Starting from the first line below, count the lines carrying the string "shows" and answer with the count by itself.

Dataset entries
□ □ □ □
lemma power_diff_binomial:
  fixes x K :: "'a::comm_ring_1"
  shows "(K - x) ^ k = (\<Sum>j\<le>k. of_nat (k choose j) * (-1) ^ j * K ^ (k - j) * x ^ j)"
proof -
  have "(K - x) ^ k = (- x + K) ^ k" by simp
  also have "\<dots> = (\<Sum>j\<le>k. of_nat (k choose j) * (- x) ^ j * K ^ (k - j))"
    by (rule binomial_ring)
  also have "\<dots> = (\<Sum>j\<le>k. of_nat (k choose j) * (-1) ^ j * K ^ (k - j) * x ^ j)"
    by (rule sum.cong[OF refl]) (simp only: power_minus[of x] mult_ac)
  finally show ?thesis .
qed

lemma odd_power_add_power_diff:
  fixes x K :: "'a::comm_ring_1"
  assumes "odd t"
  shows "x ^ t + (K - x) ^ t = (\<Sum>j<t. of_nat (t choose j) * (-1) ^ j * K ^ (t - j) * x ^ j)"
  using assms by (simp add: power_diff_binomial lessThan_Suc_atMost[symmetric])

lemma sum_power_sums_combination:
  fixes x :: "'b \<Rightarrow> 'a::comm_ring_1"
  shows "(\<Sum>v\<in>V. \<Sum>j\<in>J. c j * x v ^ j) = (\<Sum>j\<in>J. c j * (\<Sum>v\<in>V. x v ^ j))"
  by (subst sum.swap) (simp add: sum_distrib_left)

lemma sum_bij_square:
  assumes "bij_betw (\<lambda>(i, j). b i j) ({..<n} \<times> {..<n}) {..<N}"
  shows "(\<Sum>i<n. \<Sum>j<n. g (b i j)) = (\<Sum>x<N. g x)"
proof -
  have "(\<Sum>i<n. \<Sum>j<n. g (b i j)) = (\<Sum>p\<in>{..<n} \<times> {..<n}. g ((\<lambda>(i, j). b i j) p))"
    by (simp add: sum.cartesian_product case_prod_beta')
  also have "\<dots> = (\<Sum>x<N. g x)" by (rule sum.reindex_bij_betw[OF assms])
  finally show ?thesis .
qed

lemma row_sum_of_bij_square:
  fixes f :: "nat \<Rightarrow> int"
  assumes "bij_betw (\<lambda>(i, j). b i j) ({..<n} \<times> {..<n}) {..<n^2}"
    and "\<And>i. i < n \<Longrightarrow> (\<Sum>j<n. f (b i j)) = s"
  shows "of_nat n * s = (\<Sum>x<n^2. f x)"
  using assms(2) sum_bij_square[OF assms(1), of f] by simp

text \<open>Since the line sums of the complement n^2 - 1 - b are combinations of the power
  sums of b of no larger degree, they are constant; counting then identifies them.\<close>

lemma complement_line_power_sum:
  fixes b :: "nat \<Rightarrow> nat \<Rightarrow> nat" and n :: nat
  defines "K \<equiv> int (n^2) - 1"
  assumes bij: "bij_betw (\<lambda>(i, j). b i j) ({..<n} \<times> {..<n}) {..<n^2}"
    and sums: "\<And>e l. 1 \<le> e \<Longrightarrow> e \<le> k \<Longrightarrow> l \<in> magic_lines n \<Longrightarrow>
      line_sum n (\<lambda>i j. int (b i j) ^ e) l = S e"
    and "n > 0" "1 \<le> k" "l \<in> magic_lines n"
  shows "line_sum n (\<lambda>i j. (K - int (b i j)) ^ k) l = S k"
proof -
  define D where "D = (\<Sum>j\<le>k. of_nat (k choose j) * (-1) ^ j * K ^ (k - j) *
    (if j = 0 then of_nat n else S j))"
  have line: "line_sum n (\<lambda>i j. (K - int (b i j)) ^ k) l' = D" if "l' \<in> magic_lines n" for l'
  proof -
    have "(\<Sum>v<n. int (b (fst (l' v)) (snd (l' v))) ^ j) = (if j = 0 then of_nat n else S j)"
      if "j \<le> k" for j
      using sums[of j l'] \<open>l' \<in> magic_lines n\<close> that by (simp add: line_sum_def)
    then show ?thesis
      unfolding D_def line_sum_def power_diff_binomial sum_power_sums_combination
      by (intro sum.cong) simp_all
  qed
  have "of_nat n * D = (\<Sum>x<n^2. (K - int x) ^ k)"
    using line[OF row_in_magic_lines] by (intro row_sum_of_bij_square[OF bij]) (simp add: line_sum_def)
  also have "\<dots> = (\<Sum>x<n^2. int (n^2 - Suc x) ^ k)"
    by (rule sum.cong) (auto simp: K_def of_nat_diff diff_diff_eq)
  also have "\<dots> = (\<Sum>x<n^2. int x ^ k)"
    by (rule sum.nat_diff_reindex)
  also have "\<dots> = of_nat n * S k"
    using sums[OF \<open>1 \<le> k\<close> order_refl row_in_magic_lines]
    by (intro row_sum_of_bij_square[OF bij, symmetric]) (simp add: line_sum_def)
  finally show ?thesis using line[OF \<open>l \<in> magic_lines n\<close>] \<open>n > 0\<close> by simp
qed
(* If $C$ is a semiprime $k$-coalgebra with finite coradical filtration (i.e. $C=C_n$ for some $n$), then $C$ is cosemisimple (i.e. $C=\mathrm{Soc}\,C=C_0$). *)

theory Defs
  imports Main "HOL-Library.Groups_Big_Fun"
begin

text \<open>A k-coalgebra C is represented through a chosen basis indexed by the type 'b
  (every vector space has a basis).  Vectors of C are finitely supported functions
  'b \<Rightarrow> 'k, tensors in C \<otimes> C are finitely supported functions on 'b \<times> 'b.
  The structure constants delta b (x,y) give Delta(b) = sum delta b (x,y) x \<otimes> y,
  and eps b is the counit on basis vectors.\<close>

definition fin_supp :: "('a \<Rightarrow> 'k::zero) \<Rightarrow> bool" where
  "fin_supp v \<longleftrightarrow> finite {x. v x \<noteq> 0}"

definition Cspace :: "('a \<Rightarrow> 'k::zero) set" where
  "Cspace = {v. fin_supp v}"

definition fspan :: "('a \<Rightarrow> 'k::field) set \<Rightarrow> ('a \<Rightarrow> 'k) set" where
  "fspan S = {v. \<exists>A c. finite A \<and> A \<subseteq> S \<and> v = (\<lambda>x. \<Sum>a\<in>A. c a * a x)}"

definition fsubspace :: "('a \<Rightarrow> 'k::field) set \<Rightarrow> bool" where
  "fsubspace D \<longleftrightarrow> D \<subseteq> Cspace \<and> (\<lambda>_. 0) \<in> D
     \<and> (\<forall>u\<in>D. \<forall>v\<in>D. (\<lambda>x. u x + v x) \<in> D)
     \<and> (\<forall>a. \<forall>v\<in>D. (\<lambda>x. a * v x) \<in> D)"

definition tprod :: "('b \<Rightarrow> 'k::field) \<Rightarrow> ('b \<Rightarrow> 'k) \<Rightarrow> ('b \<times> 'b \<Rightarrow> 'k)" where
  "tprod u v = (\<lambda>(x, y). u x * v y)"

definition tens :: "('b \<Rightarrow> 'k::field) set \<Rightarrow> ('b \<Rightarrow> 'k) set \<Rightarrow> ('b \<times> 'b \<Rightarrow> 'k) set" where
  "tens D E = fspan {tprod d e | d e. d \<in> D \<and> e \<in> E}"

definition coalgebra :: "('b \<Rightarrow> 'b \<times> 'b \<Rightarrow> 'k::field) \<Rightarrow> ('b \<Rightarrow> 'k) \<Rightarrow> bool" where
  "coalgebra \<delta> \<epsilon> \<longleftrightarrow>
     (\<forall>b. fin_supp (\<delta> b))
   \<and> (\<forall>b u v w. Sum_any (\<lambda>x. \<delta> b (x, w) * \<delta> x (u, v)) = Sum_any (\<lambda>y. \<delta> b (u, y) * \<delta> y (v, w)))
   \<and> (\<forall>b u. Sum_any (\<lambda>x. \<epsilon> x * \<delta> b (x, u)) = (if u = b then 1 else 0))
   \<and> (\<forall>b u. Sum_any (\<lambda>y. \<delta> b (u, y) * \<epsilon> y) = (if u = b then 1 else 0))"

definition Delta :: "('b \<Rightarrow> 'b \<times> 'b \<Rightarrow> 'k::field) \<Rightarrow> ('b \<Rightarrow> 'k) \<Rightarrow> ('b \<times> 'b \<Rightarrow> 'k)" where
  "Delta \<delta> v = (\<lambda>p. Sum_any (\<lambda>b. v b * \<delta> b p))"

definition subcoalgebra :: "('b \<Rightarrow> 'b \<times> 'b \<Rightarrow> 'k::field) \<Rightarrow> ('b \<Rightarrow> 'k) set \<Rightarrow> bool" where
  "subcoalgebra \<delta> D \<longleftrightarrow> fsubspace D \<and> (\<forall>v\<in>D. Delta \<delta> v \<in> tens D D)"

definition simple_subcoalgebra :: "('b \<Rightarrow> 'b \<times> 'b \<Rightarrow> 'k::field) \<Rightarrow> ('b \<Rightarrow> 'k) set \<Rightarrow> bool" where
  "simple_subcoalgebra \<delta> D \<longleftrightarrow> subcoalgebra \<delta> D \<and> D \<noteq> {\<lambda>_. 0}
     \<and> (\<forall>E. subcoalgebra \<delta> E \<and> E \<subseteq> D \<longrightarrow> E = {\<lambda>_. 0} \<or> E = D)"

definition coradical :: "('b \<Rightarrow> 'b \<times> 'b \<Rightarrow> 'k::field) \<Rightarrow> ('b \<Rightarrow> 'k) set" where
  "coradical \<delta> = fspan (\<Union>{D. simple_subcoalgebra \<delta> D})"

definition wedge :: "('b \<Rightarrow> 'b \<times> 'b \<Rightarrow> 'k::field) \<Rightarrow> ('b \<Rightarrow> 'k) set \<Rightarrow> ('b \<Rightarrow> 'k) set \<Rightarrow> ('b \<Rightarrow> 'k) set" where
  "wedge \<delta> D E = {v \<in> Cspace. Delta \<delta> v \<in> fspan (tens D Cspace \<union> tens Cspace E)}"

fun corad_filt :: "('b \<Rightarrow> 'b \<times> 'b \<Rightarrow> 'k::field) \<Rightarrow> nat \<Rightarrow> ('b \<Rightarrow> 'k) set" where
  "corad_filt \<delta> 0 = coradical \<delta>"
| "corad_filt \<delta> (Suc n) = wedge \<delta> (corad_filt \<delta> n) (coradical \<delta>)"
□ □ □ □
— Your solution —
6